Adding long term US interest rates to both of these equations improves the fit of these models. The interest rate variable included in these models is the yield on a 10 year US Treasury Bond, for which data is also available back to 1871. The interest rate betas have the predicted negative association with share prices and are statistically significant.

The equation drawn, sometimes described as the Fed Model, with the natural log of the real S&P explained by the log of real S&P dividends and long term interest rates since 1880 and compared to actual values, is shown below. Judged by this model, the S&P 500 is currently about 9% undervalued.

By any conceivable measure of past performance, the S&P 500 was greatly overvalued in 2000

Utilising any of the variations of the Fed model, the US equity market was very demandingly valued in 2000. Using the Shiller definition of earnings as the explanatory variable without interest rates, a regression equation run over the period 1880-2000 indicates that the real value of the S&P was 2.7 times its value predicted by the Fed model with Shiller earnings in early 2000. Substituting reported earnings for Shiller earnings in this PE model indicates a market 2.2 times above that predicted by real earnings.

The problem for the investor utilising the Fed model is that in mid 1996 the S&P was already 1.9 times its value with Shiller earnings and 1.6 times its value, as predicted by reported earnings. Utilising either the Shiller earnings approach or reported earnings would have told essentially the same story. Yet the demanding valuations persisted for many years.

The case for dividends rather than earnings as the measure of past performance

It can be argued, especially taking into account the recent earnings turbulence, that real S&P dividends per share are a superior measure of past performance to reported S&P earnings. Definitions of bottom line earnings may change over the years as accountants revise their conventions. Dividends are much less complicated: they are simply cash in money of the day paid to shareholders. Buying back shares, subject to changes in financial fashion, serves the same purpose but does not show up immediately as dividends per share.

Reported dividends per share held up much better than trailing earnings per share through the GFC. They therefore provide a much more realistic estimate of realised corporate performance and perhaps also the performance expected by management, than bottom line earnings that were so much affected by the write offs of financial institutions (see Figure 8 below).
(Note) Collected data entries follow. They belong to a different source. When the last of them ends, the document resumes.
definition restr :: "nat \<Rightarrow> (word \<Rightarrow> word) \<Rightarrow> (word \<Rightarrow> word)" where
  "restr k g = (\<lambda>w. if length w \<le> k then g w else w)"

text \<open>Section g_v of g in G(d) at vertex v: g(v w) = g(v) g_v(w); it lies in G(d - |v|).\<close>
definition sect :: "nat \<Rightarrow> (word \<Rightarrow> word) \<Rightarrow> word \<Rightarrow> (word \<Rightarrow> word)" where
  "sect d g v = (\<lambda>w. if length w \<le> d - length v then drop (length v) (g (v @ w)) else w)"

definition essential_pattern :: "nat \<Rightarrow> (word \<Rightarrow> word) set \<Rightarrow> bool" where
  "essential_pattern d P \<longleftrightarrow> subgroup P (G d)
     \<and> (\<forall>p \<in> P. \<forall>x::bool. \<exists>q \<in> P. restr (d - 1) q = sect d p [x])"

definition a :: "nat \<Rightarrow> nat \<Rightarrow> (word \<Rightarrow> word)" where
  "a d i = (\<lambda>w. if length w \<le> d \<and> i < length w \<and> take i w = replicate i False
                then w[i := \<not> w ! i] else w)"

definition comm :: "('g, 'b) monoid_scheme \<Rightarrow> 'g \<Rightarrow> 'g \<Rightarrow> 'g" where
  "comm H h k = inv\<^bsub>H\<^esub> h \<otimes>\<^bsub>H\<^esub> inv\<^bsub>H\<^esub> k \<otimes>\<^bsub>H\<^esub> h \<otimes>\<^bsub>H\<^esub> k"

definition conj :: "('g, 'b) monoid_scheme \<Rightarrow> 'g \<Rightarrow> 'g \<Rightarrow> 'g" where
  "conj H h k = inv\<^bsub>H\<^esub> k \<otimes>\<^bsub>H\<^esub> h \<otimes>\<^bsub>H\<^esub> k"

definition z :: "nat \<Rightarrow> nat \<Rightarrow> (word \<Rightarrow> word)" where
  "z d k = (if k = 0 then id
            else if k = 1 then a d (d - 1)
            else if k = 2 then conj (G d) (a d (d - 1)) (a d 0)
            else comm (G d) (a d 0) (a d (d - 1)))"

end

(*
  Let K be the kernel of the restriction G(d) -> G(d-1).  It is elementary abelian, generated
  by the swaps s_x at the vertices x of level d-1, and G(d) acts on it by permuting these
  vertices.  As P maps onto G(d-1), the relation "s_x s_y in P" is a G(d)-invariant equivalence
  on level d-1, and once it relates two vertices in sibling subtrees below w it relates all
  vertices below w.

  If it did not relate 00...0 and 010...0, the four vertices ab0...0 would be pairwise
  unrelated and, together with P itself, would give five cosets of P.  Hence
  [a_1, a_{d-1}] = s_{010...0} s_{00...0} lies in P and the relation identifies all vertices with
  the same first letter.  Then G(d) = P V for the Klein four-group V = {z_0, z_1, z_2, z_3}
  generated by the swaps at 00...0 and 10...0, and index 4 forces P and V to meet trivially.
  So a_i z_{k_i} is in P for suitable k_i.  Together with the commutator these elements
  generate a subgroup H of P which again maps onto G(d-1), because the a_i generate G(d-1);
  the same argument applied to H gives P = H V, and P meeting V trivially yields P = H.
*)

theory Submission
  imports Defs
begin
definition grad_map :: "('a::real_normed_vector \<Rightarrow> 'a) \<Rightarrow> real \<Rightarrow> ('a \<Rightarrow> ereal) \<Rightarrow> 'a \<Rightarrow> 'a" where
  "grad_map gradf lam h x = (1 / lam) *\<^sub>R (x - prox lam h (x - lam *\<^sub>R gradf x))"

definition LS :: "('a::real_inner \<Rightarrow> real) \<Rightarrow> ('a \<Rightarrow> 'a) \<Rightarrow> ('a \<Rightarrow> ereal) \<Rightarrow> 'a \<Rightarrow> real \<Rightarrow> bool" where
  "LS f gradf h x lam \<longleftrightarrow>
     (let G = grad_map gradf lam h x in
       f (x - (2 * lam) *\<^sub>R G) \<le> f (x - lam *\<^sub>R G) - lam * (G \<bullet> gradf x) + lam / 2 * (norm G)\<^sup>2)"

end

theory Submission
  imports Defs
begin

text \<open>With \<open>p = x - \<lambda>G\<close>, the optimality of the prox point tested against \<open>x\<close> gives
  \<open>h(p) \<le> h(x) + \<lambda>\<langle>\<nabla>f(x), G\<rangle> - \<lambda>\<parallel>G\<parallel>\<^sup>2\<close>. Since \<open>p\<close> is the midpoint of \<open>x\<close> and \<open>x - 2\<lambda>G\<close>,
  convexity of \<open>f\<close> combined with (LS) gives \<open>f(p) \<le> f(x) - \<lambda>\<langle>\<nabla>f(x), G\<rangle> + \<lambda>/2 \<parallel>G\<parallel>\<^sup>2\<close>.
  Adding the two inequalities proves the claim.
  The only analytic work is the existence of the prox point, which follows from compactness of
  the sublevel sets of the (coercive) prox objective, restricted to the epigraph of \<open>h\<close>.\<close>

definition prox_obj :: "real \<Rightarrow> ('a::real_normed_vector \<Rightarrow> ereal) \<Rightarrow> 'a \<Rightarrow> 'a \<Rightarrow> ereal" where
  "prox_obj lam h w u = ereal lam * h u + ereal (1/2 * (norm (u - w))\<^sup>2)"

lemma prox_eq_arg_min_prox_obj: "prox lam h w = arg_min (prox_obj lam h w) (\<lambda>_. True)"
  by (simp add: prox_def prox_obj_def[abs_def])

lemma proper_fun_not_MInf: "proper_fun h \<Longrightarrow> h u \<noteq> -\<infinity>"
  by (simp add: proper_fun_def)

lemma proper_fun_obtain_finite:
  assumes "proper_fun h"
  obtains x r where "h x = ereal r"
  using assms unfolding proper_fun_def by (metis ereal_cases)

lemma closed_convex_proper_affine_minorant:
  fixes h :: "'a::euclidean_space \<Rightarrow> ereal"
  assumes hp: "proper_fun h" and hc: "closed_fun h" and hv: "convex_fun h"
  obtains a b where "\<And>u. ereal (a \<bullet> u + b) \<le> h u"
proof -
  obtain x0 r0 where r0: "h x0 = ereal r0" using hp by (rule proper_fun_obtain_finite)
  have "(x0, r0 - 1) \<notin> ext_epigraph h" using r0 by (simp add: ext_epigraph_def)
  then obtain aa bb where sep: "aa \<bullet> (x0, r0 - 1) < bb" "\<forall>z\<in>ext_epigraph h. bb < aa \<bullet> z"
    using separating_hyperplane_closed_point hv hc unfolding convex_fun_def closed_fun_def
    by blast
  obtain a0 c where aa: "aa = (a0, c)" by (cases aa)
  have "(x0, r0) \<in> ext_epigraph h" using r0 by (simp add: ext_epigraph_def)
  then have "bb < a0 \<bullet> x0 + c * r0" using sep(2) aa by (auto simp: inner_Pair)
  moreover have "a0 \<bullet> x0 + c * (r0 - 1) < bb" using sep(1) aa by (auto simp: inner_Pair)
  ultimately have c_pos: "c > 0" by (simp add: algebra_simps)
  have "ereal ((-(1/c) *\<^sub>R a0) \<bullet> u + bb / c) \<le> h u" for u
  proof (cases "h u")
    case (real s)
    then have "(u, s) \<in> ext_epigraph h" by (simp add: ext_epigraph_def)
    then have "bb < a0 \<bullet> u + c * s" using sep(2) aa by (auto simp: inner_Pair)
    then show ?thesis using real c_pos by (simp add: field_simps)
  qed (use proper_fun_not_MInf[OF hp] in auto)
  then show ?thesis by (rule that)
qed

lemma le_of_sq_le_affine:
  fixes r :: real
  assumes "r\<^sup>2 \<le> B + A * r" and "A \<ge> 0"
  shows "r \<le> 1 + \<bar>B\<bar> + A"
proof (cases "r \<le> 1")
  case False
  have "\<bar>B\<bar> \<le> \<bar>B\<bar> * r" using False by (simp add: mult_le_cancel_left1)
  then have "r * r \<le> (\<bar>B\<bar> + A) * r" using assms(1) by (simp add: power2_eq_square algebra_simps)
  then show ?thesis using False by simp
qed (use assms in auto)

lemma prox_obj_sublevel_bounded:
  fixes h :: "'a::euclidean_space \<Rightarrow> ereal"
  assumes minor: "\<And>u. ereal (a \<bullet> u + b) \<le> h u" and lam: "lam > 0"
  shows "bounded {(u, t). h u \<le> ereal t \<and> lam * t + 1/2 * (norm (u - w))\<^sup>2 \<le> M}"
proof -
  define R where "R = 1 + \<bar>2 * (M - lam * b + lam * norm a * norm w)\<bar> + 2 * lam * norm a"
  have bounds: "norm (u - w) \<le> R \<and> b - norm a * (norm w + R) \<le> t \<and> t \<le> M / lam"
    if ht: "h u \<le> ereal t" and sub: "lam * t + 1/2 * (norm (u - w))\<^sup>2 \<le> M" for u t
  proof -
    have aut: "a \<bullet> u + b \<le> t" using minor[of u] ht by (metis ereal_less_eq(3) order_trans)
    have "a \<bullet> u = a \<bullet> (u - w) + a \<bullet> w" by (simp add: inner_diff_right)
    moreover have "- (norm a * norm (u - w)) \<le> a \<bullet> (u - w)" "- (norm a * norm w) \<le> a \<bullet> w"
      using Cauchy_Schwarz_ineq2[of a "u - w"] Cauchy_Schwarz_ineq2[of a w] by linarith+
    ultimately have "lam * (- (norm a * norm (u - w)) - norm a * norm w + b) \<le> lam * t"
      using aut lam by (intro mult_left_mono) auto
    then have "(norm (u - w))\<^sup>2 \<le> 2 * (M - lam * b + lam * norm a * norm w)
                                  + 2 * lam * norm a * norm (u - w)"
      using sub by (simp add: algebra_simps)
    then have uw: "norm (u - w) \<le> R"
      unfolding R_def using lam by (intro le_of_sq_le_affine) auto
    have "- (norm a * norm u) \<le> a \<bullet> u" using Cauchy_Schwarz_ineq2[of a u] by linarith
    moreover have "norm a * norm u \<le> norm a * (norm w + R)"
      using uw norm_triangle_sub[of u w] by (intro mult_left_mono) auto
    moreover have "lam * t \<le> M" using sub zero_le_power2[of "norm (u - w)"] by linarith
    ultimately show ?thesis using aut uw lam by (simp add: field_simps)
  qed
  have "{(u, t). h u \<le> ereal t \<and> lam * t + 1/2 * (norm (u - w))\<^sup>2 \<le> M}
        \<subseteq> cball w R \<times> {b - norm a * (norm w + R) .. M / lam}"
    using bounds by (force simp: dist_norm norm_minus_commute)
  then show ?thesis by (rule bounded_subset[OF bounded_Times[OF bounded_cball bounded_closed_interval]])
qed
Regression models of the real S&P 500 over the period 1960-2013, using either real trailing earnings, real Shiller earnings or real dividends as the explanatory variable, together with the 10 year Treasury yield, indicates that the S&P 500 is currently under rather than overvalued: by 13% using real Shiller earnings and long term interest rates; fairly valued using trailing real earnings and interest rates; and as much as 32% undervalued using real dividends per share, when combined with interest rates.

Statistical issues with these regression equations

The statistical issues with these linear regression models, using levels of earnings or dividends with interest rates to explain the market, is that, as with the Shiller or conventional PE, the under- or overvaluation identified by the models are persistent. One of the essential conditions for unbiased regression estimates is that the error term, that part of the dependent variable not explained by the model, should have an expected value of zero and be normally distributed about zero (that is the regression estimate should have the same probability of being above or below the estimated value).

This is not the case with these models, which reveal what statisticians would describe as serial correlation and therefore do not provide unbiased estimates of the relationships identified. When this persistence of errors occurs, the results of any linear regression analysis and the validity of the estimated coefficients are compromised. As we indicated earlier, this persistence of Shiller’s PE away from its long run average is subject to the same bias. Lars-Peter Hansen was awarded his share of the Nobel Prize for providing methods to overcome the serial correlation and many other problems caused when the data is compromised.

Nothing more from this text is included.